Roman architecture in America

February 20, 2014
Gallery of Roman Architecture

Most know Thomas Jefferson as the author of the Declaration of Independence, third President of the United States, and purchaser of the Louisiana Territory. But, not many know of his influence on the architecture of America.

Have you ever wondered why the original buildings in Washington D. C. look like ancient temples with pillars and domes? They were erected because of Jefferson’s vision for the United States and a new American culture.

Jefferson wanted the founding of the United States to be a complete break from the past and English influences. If this new country was to succeed, it had to develop a culture that was entirely American. The people had to think of themselves as Americans, not colonial Englishmen. That is why Jefferson advocated a new form of government, a different currency and a novel measuring system, distinct from the British. (He was not alone. Noah Webster sought to codify “American” English in his dictionary.) He saw architecture as an artistic declaration that the United States was unique and not European.

The inspirations for Jefferson’s political and architectural beliefs were the classic civilizations of ancient Greece and Rome. This is not surprising, since he was raised in The “Age of Reason”. The “Age of Reason” idealized those eras and saw them as an alternative to the monarchical societies of Europe. As a child of the “Age of Reason” Jefferson was drawn to the symmetry, clean lines and mathematical preciseness of Greek and Roman buildings. This was in direct opposition to the ornate, Rococo buildings being constructed in Europe at the time.

Jefferson was enraptured by the classical world. He could read ancientGreek and Latin. He was an expert in their histories, political systems, literature and architecture. And, he considered them as the basis for establishing a new American culture. He desired to utilize his knowledge of the ancient world to establish an architectural declaration of independence.

Jefferson was well prepared for the task. He was more than just a dilettante. He studied architecture for more than forty years and made himself a master of architectural drawing far superior than anyone else in America at the time.

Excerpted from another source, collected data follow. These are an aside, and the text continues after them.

lemma mult_assoc4:
  "(A :: rat mat) \<in> carrier_mat 4 4 \<Longrightarrow> B \<in> carrier_mat 4 4 \<Longrightarrow> C \<in> carrier_mat 4 4 \<Longrightarrow>
    A * B * C = A * (B * C)"
  by (rule assoc_mult_mat)

lemma transpose_mult4:
  "(A :: rat mat) \<in> carrier_mat 4 4 \<Longrightarrow> B \<in> carrier_mat 4 4 \<Longrightarrow>
    transpose_mat (A * B) = transpose_mat B * transpose_mat A"
  using transpose_mult by blast

lemma J0_mat4:
  "J0 = mat4 [[1/2, 1/2, 1/2, 1/2], [1/2, 1/2, -1/2, -1/2], [1/2, -1/2, 1/2, -1/2], [1/2, -1/2, -1/2, 1/2]]"
  unfolding J0_def mat4_def mat_of_rows_list_def by (simp add: numeral_eq_Suc)

lemma Q_L_mat4: "Q_L = mat4 [[-1, 0, 0, 0], [0, 1, 0, 0], [0, 0, 1, 0], [0, 0, 0, 1]]"
  unfolding Q_L_def mat4_def by (rule eq_matI) (auto simp: less_4_cases)

lemma J0_carrier [simp]: "J0 \<in> carrier_mat 4 4"
  and dim_J0 [simp]: "dim_row J0 = 4" "dim_col J0 = 4"
  by (simp_all add: J0_mat4)

lemma Q_L_carrier [simp]: "Q_L \<in> carrier_mat 4 4"
  and dim_Q_L [simp]: "dim_row Q_L = 4" "dim_col Q_L = 4"
  by (simp_all add: Q_L_mat4)

lemma J0_mult_J0: "J0 * J0 = 1\<^sub>m 4"
  unfolding J0_mat4 by (rule mat4_eqI) (simp_all del: index_mult_mat(1) add: index_mult_mat4)

lemma Q_L_mult_Q_L: "Q_L * Q_L = 1\<^sub>m 4"
  unfolding Q_L_mat4 by (rule mat4_eqI) (simp_all del: index_mult_mat(1) add: index_mult_mat4)

lemma transpose_J0: "transpose_mat J0 = J0"
  unfolding J0_mat4 by (rule mat4_eqI) simp_all

lemma transpose_Q_L: "transpose_mat Q_L = Q_L"
  unfolding Q_L_mat4 by (rule mat4_eqI) simp_all

lemma J0_inv_eq_J0: "J0_inv = J0"
  unfolding J0_inv_def
proof (rule the_equality)
  fix B assume B: "B \<in> carrier_mat 4 4 \<and> J0 * B = 1\<^sub>m 4 \<and> B * J0 = 1\<^sub>m 4"
  then have "B = (J0 * J0) * B" by (simp add: J0_mult_J0)
  also have "\<dots> = J0" using B by (simp add: mult_assoc4)
  finally show "B = J0" .
qed (simp add: J0_mult_J0)

definition J0_conj :: "rat mat \<Rightarrow> rat mat" where
  "J0_conj M = J0 * M * J0"

lemma J0_conj_carrier [simp]: "M \<in> carrier_mat 4 4 \<Longrightarrow> J0_conj M \<in> carrier_mat 4 4"
  by (simp add: J0_conj_def)

lemma J0_mult_J0_mult [simp]: "M \<in> carrier_mat 4 4 \<Longrightarrow> J0 * (J0 * M) = M"
  by (simp flip: mult_assoc4 add: J0_mult_J0)

lemma J0_conj_J0_conj [simp]: "M \<in> carrier_mat 4 4 \<Longrightarrow> J0_conj (J0_conj M) = M"
  unfolding J0_conj_def by (simp add: mult_assoc4 J0_mult_J0)

lemma J0_conj_mult:
  "A \<in> carrier_mat 4 4 \<Longrightarrow> B \<in> carrier_mat 4 4 \<Longrightarrow> J0_conj (A * B) = J0_conj A * J0_conj B"
  unfolding J0_conj_def by (simp add: mult_assoc4)

lemma J0_conj_one [simp]: "J0_conj (1\<^sub>m 4) = 1\<^sub>m 4"
  unfolding J0_conj_def by (simp add: J0_mult_J0)

lemma J0_conj_uminus: "M \<in> carrier_mat 4 4 \<Longrightarrow> J0_conj (- M) = - J0_conj M"
  unfolding J0_conj_def using carrier_matD[of M 4 4] by simp

lemma transpose_J0_conj:
  "M \<in> carrier_mat 4 4 \<Longrightarrow> transpose_mat (J0_conj M) = J0_conj (transpose_mat M)"
  unfolding J0_conj_def by (simp add: transpose_mult4 transpose_J0 mult_assoc4)

lemma J0_conj_image_iff:
  assumes H: "H \<subseteq> carrier_mat 4 4" and M: "M \<in> carrier_mat 4 4"
  shows "M \<in> J0_conj ` H \<longleftrightarrow> J0_conj M \<in> H"
proof
  assume "M \<in> J0_conj ` H"
  then obtain N where "N \<in> H" "M = J0_conj N" by blast
  moreover have "N \<in> carrier_mat 4 4" using H \<open>N \<in> H\<close> by blast
  ultimately show "J0_conj M \<in> H" by simp
next
  assume "J0_conj M \<in> H"
  then show "M \<in> J0_conj ` H" using J0_conj_J0_conj[OF M] by (metis image_eqI)
qed

lemma perm_mat_carrier [simp]: "perm_mat p \<in> carrier_mat 4 4"
  by (simp add: perm_mat_def)

lemma perm_mat_id: "perm_mat id = 1\<^sub>m 4"
  by (rule eq_matI) (auto simp: perm_mat_def)

lemma index_perm_mat_mult:
  assumes p: "p permutes {..<4}" and "A \<in> carrier_mat 4 4" "i < 4" "j < 4"
  shows "(perm_mat p * A) $$ (i, j) = A $$ (p i, j)"
proof -
  have "p i < 4" using permutes_in_image[OF p] \<open>i < 4\<close> by simp
  then show ?thesis
    using assms by (simp add: perm_mat_def scalar_prod_def if_distrib[of "\<lambda>x. x * _"] cong: if_cong)
qed

lemma index_mult_perm_mat:
  assumes p: "p permutes {..<4}" and "A \<in> carrier_mat 4 4" "i < 4" "j < 4"
  shows "(A * perm_mat p) $$ (i, p j) = A $$ (i, j)"
proof -
  have "p j < 4" using permutes_in_image[OF p] \<open>j < 4\<close> by simp
  moreover have "p k = p j \<longleftrightarrow> k = j" for k
    using permutes_inj[OF p] by (auto dest: injD)
  ultimately show ?thesis
    using assms by (simp add: perm_mat_def scalar_prod_def if_distrib[of "\<lambda>x. _ * x"] cong: if_cong)
qed

lemma perm_mat_comp:
  assumes "p permutes {..<4}"
  shows "perm_mat (q \<circ> p) = perm_mat p * perm_mat q"
proof (rule eq_matI)
  fix i j assume "i < dim_row (perm_mat p * perm_mat q)" "j < dim_col (perm_mat p * perm_mat q)"
  then have "i < 4" "j < 4" by (simp_all add: perm_mat_def)
  then show "perm_mat (q \<circ> p) $$ (i, j) = (perm_mat p * perm_mat q) $$ (i, j)"
    using permutes_in_image[OF assms]
    by (simp add: index_perm_mat_mult[OF assms perm_mat_carrier]) (simp add: perm_mat_def)
qed (simp_all add: perm_mat_def)

lemma index_perm_mat_conj:
  assumes p: "p permutes {..<4}" and A: "A \<in> carrier_mat 4 4" and "i < 4" "j < 4"
  shows "(perm_mat p * A * perm_mat p) $$ (i, p j) = A $$ (p i, j)"
  using assms
  by (simp add: index_mult_perm_mat[OF p mult_carrier_mat4[OF perm_mat_carrier A]] index_perm_mat_mult[OF p A])

lemma S_mat_carrier [simp]: "S_mat i \<in> carrier_mat 4 4"
  by (simp add: S_mat_def)

lemma D_mat_carrier [simp]: "D_mat \<in> carrier_mat 4 4"
  by (simp add: D_mat_def)

lemma S_mat_perm_conj:
  assumes "i < 4"
  shows "S_mat i = perm_mat (Transposition.transpose 0 i) * S_mat 0 * perm_mat (Transposition.transpose 0 i)"
    (is "_ = perm_mat ?\<tau> * _ * _")
proof (rule eq_matI)
  have \<tau>: "?\<tau> permutes {..<4}" using assms by (simp add: permutes_swap_id)
  fix r c
  assume "r < dim_row (perm_mat ?\<tau> * S_mat 0 * perm_mat ?\<tau>)" "c < dim_col (perm_mat ?\<tau> * S_mat 0 * perm_mat ?\<tau>)"
  then have "r < 4" "?\<tau> c < 4" using permutes_in_image[OF \<tau>] by (simp_all add: perm_mat_def)
  then have "(perm_mat ?\<tau> * S_mat 0 * perm_mat ?\<tau>) $$ (r, c) = S_mat 0 $$ (?\<tau> r, ?\<tau> c)"
    using index_perm_mat_conj[OF \<tau> S_mat_carrier, of r "?\<tau> c"] by simp
  then show "S_mat i $$ (r, c) = (perm_mat ?\<tau> * S_mat 0 * perm_mat ?\<tau>) $$ (r, c)"
    using \<open>r < 4\<close> \<open>?\<tau> c < 4\<close> permutes_in_image[OF \<tau>] assms
    by (auto simp: S_mat_def Transposition.transpose_def)
qed (simp_all add: perm_mat_def S_mat_def)

definition flip_mat :: "nat \<Rightarrow> rat mat" where
  "flip_mat k = mat 4 4 (\<lambda>(i, j). if i = j then (if i = k then -1 else 1) else 0)"

lemma flip_mat_carrier [simp]: "flip_mat k \<in> carrier_mat 4 4"
  by (simp add: flip_mat_def)

lemma index_flip_mat_mult:
  assumes "A \<in> carrier_mat 4 4" "i < 4" "j < 4"
  shows "(flip_mat k * A) $$ (i, j) = (if i = k then - A $$ (i, j) else A $$ (i, j))"
  using assms by (simp add: flip_mat_def scalar_prod_def if_distrib[of "\<lambda>x. x * _"] cong: if_cong)

section \<open>The integral Lorentz group\<close>

definition integral_mat :: "rat mat \<Rightarrow> bool" where
  "integral_mat A \<longleftrightarrow> (\<forall>i < dim_row A. \<forall>j < dim_col A. A $$ (i, j) \<in> \<int>)"

lemma integral_mat_mult:
  "integral_mat A \<Longrightarrow> integral_mat B \<Longrightarrow> dim_col A = dim_row B \<Longrightarrow> integral_mat (A * B)"
  unfolding integral_mat_def by (auto simp: scalar_prod_def intro!: Ints_sum Ints_mult)

lemma integral_mat_transpose: "integral_mat A \<Longrightarrow> integral_mat (transpose_mat A)"
  unfolding integral_mat_def by simp

lemma integral_mat_one: "integral_mat (1\<^sub>m n)"
  unfolding integral_mat_def by simp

Jefferson probably had the largest architectural library in the United States. Some of the works that he possessed, and that directed him, were written by Palladio, Le Roy, Freart and Desgodet. Andrea Palladio had a great influence on Jefferson. The formality, restraint and mathematical proportions of Palladio designs, which were inspired by ancient classical structures, appealed to Jefferson.

Jefferson, while Minister to France, was able to visit and study many of these ancient structures in France, England, Germany, the Low Countries and Italy. His descriptions of these monuments, in his daily account books, are the most passionate statements the staid Jefferson every wrote, even to women. At Nimes, viewing the Maison Quarree, he stated, “I gaze whole hours at the Maison Quarree, like a lover at his mistress”. And, in Paris, “I was violently smitten with the Hotel de Salm”. He would utilize these visits as inspirations for future structures he would design in the United States.

Jefferson had a laboratory to experiment with his ideas in developing a unique form of American architecture; his own home, Monticello. In 1767 he purchased a small mountain (Monticello means ëlittle mountain’ in Italian) rising above his birthplace, Shadwell. He began construction that year, a process that would continue throughout most of his life. He rebuild Monticello several times.

Fiske Kimball in “Thomas Jefferson and the Arts” writes of his first efforts:

Deep in books on architecture, of which he already owned a number, he gave his preference from the start to that of Palladio, with its appeal to the lawfulness of nature, to the harmony of mathematical proportions. Making himself a master of architectural drawing to a degree quite beyond the skill of any Colonial builders or amateurs down to this time, he designed a house with Palladian porticoes of an academic correctness new in the southern Colonies. By a genial adaptation to his mountain site of Palladio’s schemes of colonnade service wings, which he depressed below terraces, he gave his house an uninterrupted sweep of the superb panorama of plain, of valley, and of mountain range.

Through its alterations, Monticello evolved from an ancient Greek, Palladian style to a structure that was more Roman. When he retired as Secretary of State, in 1793, he undertook another remodeling of Monticello. The attics were pulled down to give the effect of a single story as in Roman houses, and a Roman dome was added over the salon as in the Hotel de Salm. Karl Lehmann in Thomas

Jefferson: American Humanist explained the change from Greek to Roman influence:

An thus it was only a seeming paradox that Jefferson immensely preferred Greek to Latin language and poetry, while in architecture he gave the palm to the Romans. The same longing for copiousness and ductility in imagination directed the Hellenist Jefferson as reader and the Romanist Jefferson as an architect.